(Stored items)
********************

(* In the one-counter game $\mathcal{G}$ defined below, for every $j\in\{1,\dots,2^{2^n}\}$, every $d\in\Delta$ and every $i\in\mathbb{N}$ such that the configuration $C^w_i$ exists, $\mathrm{Verifier}$ has a strategy from the configuration $((j,d),i)$ guaranteeing that the play reaches the state $s'_F$ if and only if $C^w_i(j)=d$. In particular, $((1,(q_F,a)),i)$ is winning for $\mathrm{Verifier}$ iff $C^w_i(1)=(q_F,a)$, i.e. iff $\mathcal{T}$ accepts $w$ after $i$ steps.
   Context: Let $\mathcal{T}=(Q,q_0,\Sigma,\delta,q_F)$ be a deterministic Turing machine with tape alphabet $\Sigma=\{0,1,\#,a,r\}$ ($\#$ blank; $\mathcal{T}$ accepts immediately on reading $a$ and rejects immediately on reading $r$), transition function $\delta:Q\times\Sigma\to Q\times\Sigma\times\{\mathrm{Left},\mathrm{Right}\}$ with components $\delta_1,\delta_2,\delta_3$, and accepting state $q_F$. Let $w=w_1\dots w_{|w|}$ be an input, $n=|w|^k$, and assume $\mathcal{T}$ uses only cells $1,\dots,2^{2^n}$, with extra cells $0$ and $2^{2^n}+1$ initially holding $a$, the head initially on cell 1, and that if $\mathcal{T}$ halts accepting it does so in state $q_F$ with the head on cell 1 holding $a$. Let $\Delta=\Sigma\cup(Q\times\Sigma)$. The run of $\mathcal{T}$ on $w$ is the sequence of configurations $C^w_0C^w_1\dots$, each $C^w_i\in\Delta^{2^{2^n}+2}$ (indexed $0,\dots,2^{2^n}+1$) containing exactly one element of $Q\times\Sigma$ marking the state and head position; $C^w_0=a\,(q_0,w_1)\,w_2\dots w_{|w|}\,\#\dots\#\,a$; $C^w_i(j)$ is the $j$-th element. For $d\in\Delta$, $\mathrm{Pre}(d)$ is the set of triples: all $(d_1,d_2,d_3)\in\Sigma^3$ with $d_2=d$; all $((q,b),d_2,d_3)\in(Q\times\Sigma)\times\Sigma^2$ with either $d=(\delta_1(q,b),d_2)$ and $\delta_3(q,b)=\mathrm{Right}$, or $d=d_2$ and $\delta_3(q,b)\neq\mathrm{Right}$; all $(d_1,d_2,(q,b))\in\Sigma^2\times(Q\times\Sigma)$ with either $d=(\delta_1(q,b),d_2)$ and $\delta_3(q,b)=\mathrm{Left}$, or $d=d_2$ and $\delta_3(q,b)\neq\mathrm{Left}$; all $(d_1,(q,b),d_3)\in\Sigma\times(Q\times\Sigma)\times\Sigma$ with $d=\delta_2(q,b)$. The OCG $\mathcal{G}$ has players $\mathrm{Verifier},\mathrm{Falsifier}$, states $S'=(\{0,\dots,2^{2^n}+1\}\times(\Delta\cup\Delta^3))\cup\{s'_0,s'_z,s'_r,s'_F\}$, with $\mathrm{Verifier}$ controlling $(\{0,\dots,2^{2^n}+1\}\times\Delta)\cup\{s'_0\}$ and $\mathrm{Falsifier}$ the rest. Its transitions (state, weight, state) are exactly: $(s'_0,1,s'_0)$; $(s'_0,0,(1,(q_F,a)))$; $((j,d),0,(j,(d_1,d_2,d_3)))$ for $j\in\{1,\dots,2^{2^n}\}$, $(d_1,d_2,d_3)\in\mathrm{Pre}(d)$; for $j\in\{0,2^{2^n}+1\}$: $((j,a),0,s'_F)$ and $((j,d),0,s'_r)$ for $d\neq a$; $((j,d),0,s'_z)$ for all $(j,d)$ with $C^w_0(j)=d$; $(s'_z,0,s'_F)$; $(s'_z,-1,s'_r)$; and for $j\in\{1,\dots,2^{2^n}\}$ and $d_1,d_2,d_3\in\Delta$: $((j,(d_1,d_2,d_3)),-1,(j-1,d_1))$, $((j,(d_1,d_2,d_3)),-1,(j,d_2))$, $((j,(d_1,d_2,d_3)),-1,(j+1,d_3))$. Configurations are (state, counter value) pairs with counter in $\mathbb{N}$; a transition with weight $-1$ is disabled at counter value 0; plays are maximal sequences of configurations following enabled transitions (a play with no enabled move ends). A configuration is winning for $\mathrm{Verifier}$ if he has a strategy ensuring every compatible play visits $s'_F$. *)

theory Defs
  imports Main
begin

********************

WORK ORDER.
Output the complete data exactly as written.

WRITTEN REPLY.
(* In the one-counter game $\mathcal{G}$ defined below, for every $j\in\{1,\dots,2^{2^n}\}$, every $d\in\Delta$ and every $i\in\mathbb{N}$ such that the configuration $C^w_i$ exists, $\mathrm{Verifier}$ has a strategy from the configuration $((j,d),i)$ guaranteeing that the play reaches the state $s'_F$ if and only if $C^w_i(j)=d$. In particular, $((1,(q_F,a)),i)$ is winning for $\mathrm{Verifier}$ iff $C^w_i(1)=(q_F,a)$, i.e. iff $\mathcal{T}$ accepts $w$ after $i$ steps.
   Context: Let $\mathcal{T}=(Q,q_0,\Sigma,\delta,q_F)$ be a deterministic Turing machine with tape alphabet $\Sigma=\{0,1,\#,a,r\}$ ($\#$ blank; $\mathcal{T}$ accepts immediately on reading $a$ and rejects immediately on reading $r$), transition function $\delta:Q\times\Sigma\to Q\times\Sigma\times\{\mathrm{Left},\mathrm{Right}\}$ with components $\delta_1,\delta_2,\delta_3$, and accepting state $q_F$. Let $w=w_1\dots w_{|w|}$ be an input, $n=|w|^k$, and assume $\mathcal{T}$ uses only cells $1,\dots,2^{2^n}$, with extra cells $0$ and $2^{2^n}+1$ initially holding $a$, the head initially on cell 1, and that if $\mathcal{T}$ halts accepting it does so in state $q_F$ with the head on cell 1 holding $a$. Let $\Delta=\Sigma\cup(Q\times\Sigma)$. The run of $\mathcal{T}$ on $w$ is the sequence of configurations $C^w_0C^w_1\dots$, each $C^w_i\in\Delta^{2^{2^n}+2}$ (indexed $0,\dots,2^{2^n}+1$) containing exactly one element of $Q\times\Sigma$ marking the state and head position; $C^w_0=a\,(q_0,w_1)\,w_2\dots w_{|w|}\,\#\dots\#\,a$; $C^w_i(j)$ is the $j$-th element. For $d\in\Delta$, $\mathrm{Pre}(d)$ is the set of triples: all $(d_1,d_2,d_3)\in\Sigma^3$ with $d_2=d$; all $((q,b),d_2,d_3)\in(Q\times\Sigma)\times\Sigma^2$ with either $d=(\delta_1(q,b),d_2)$ and $\delta_3(q,b)=\mathrm{Right}$, or $d=d_2$ and $\delta_3(q,b)\neq\mathrm{Right}$; all $(d_1,d_2,(q,b))\in\Sigma^2\times(Q\times\Sigma)$ with either $d=(\delta_1(q,b),d_2)$ and $\delta_3(q,b)=\mathrm{Left}$, or $d=d_2$ and $\delta_3(q,b)\neq\mathrm{Left}$; all $(d_1,(q,b),d_3)\in\Sigma\times(Q\times\Sigma)\times\Sigma$ with $d=\delta_2(q,b)$. The OCG $\mathcal{G}$ has players $\mathrm{Verifier},\mathrm{Falsifier}$, states $S'=(\{0,\dots,2^{2^n}+1\}\times(\Delta\cup\Delta^3))\cup\{s'_0,s'_z,s'_r,s'_F\}$, with $\mathrm{Verifier}$ controlling $(\{0,\dots,2^{2^n}+1\}\times\Delta)\cup\{s'_0\}$ and $\mathrm{Falsifier}$ the rest. Its transitions (state, weight, state) are exactly: $(s'_0,1,s'_0)$; $(s'_0,0,(1,(q_F,a)))$; $((j,d),0,(j,(d_1,d_2,d_3)))$ for $j\in\{1,\dots,2^{2^n}\}$, $(d_1,d_2,d_3)\in\mathrm{Pre}(d)$; for $j\in\{0,2^{2^n}+1\}$: $((j,a),0,s'_F)$ and $((j,d),0,s'_r)$ for $d\neq a$; $((j,d),0,s'_z)$ for all $(j,d)$ with $C^w_0(j)=d$; $(s'_z,0,s'_F)$; $(s'_z,-1,s'_r)$; and for $j\in\{1,\dots,2^{2^n}\}$ and $d_1,d_2,d_3\in\Delta$: $((j,(d_1,d_2,d_3)),-1,(j-1,d_1))$, $((j,(d_1,d_2,d_3)),-1,(j,d_2))$, $((j,(d_1,d_2,d_3)),-1,(j+1,d_3))$. Configurations are (state, counter value) pairs with counter in $\mathbb{N}$; a transition with weight $-1$ is disabled at counter value 0; plays are maximal sequences of configurations following enabled transitions (a play with no enabled move ends). A configuration is winning for $\mathrm{Verifier}$ if he has a strategy ensuring every compatible play visits $s'_F$. *)

theory Defs
  imports Main
begin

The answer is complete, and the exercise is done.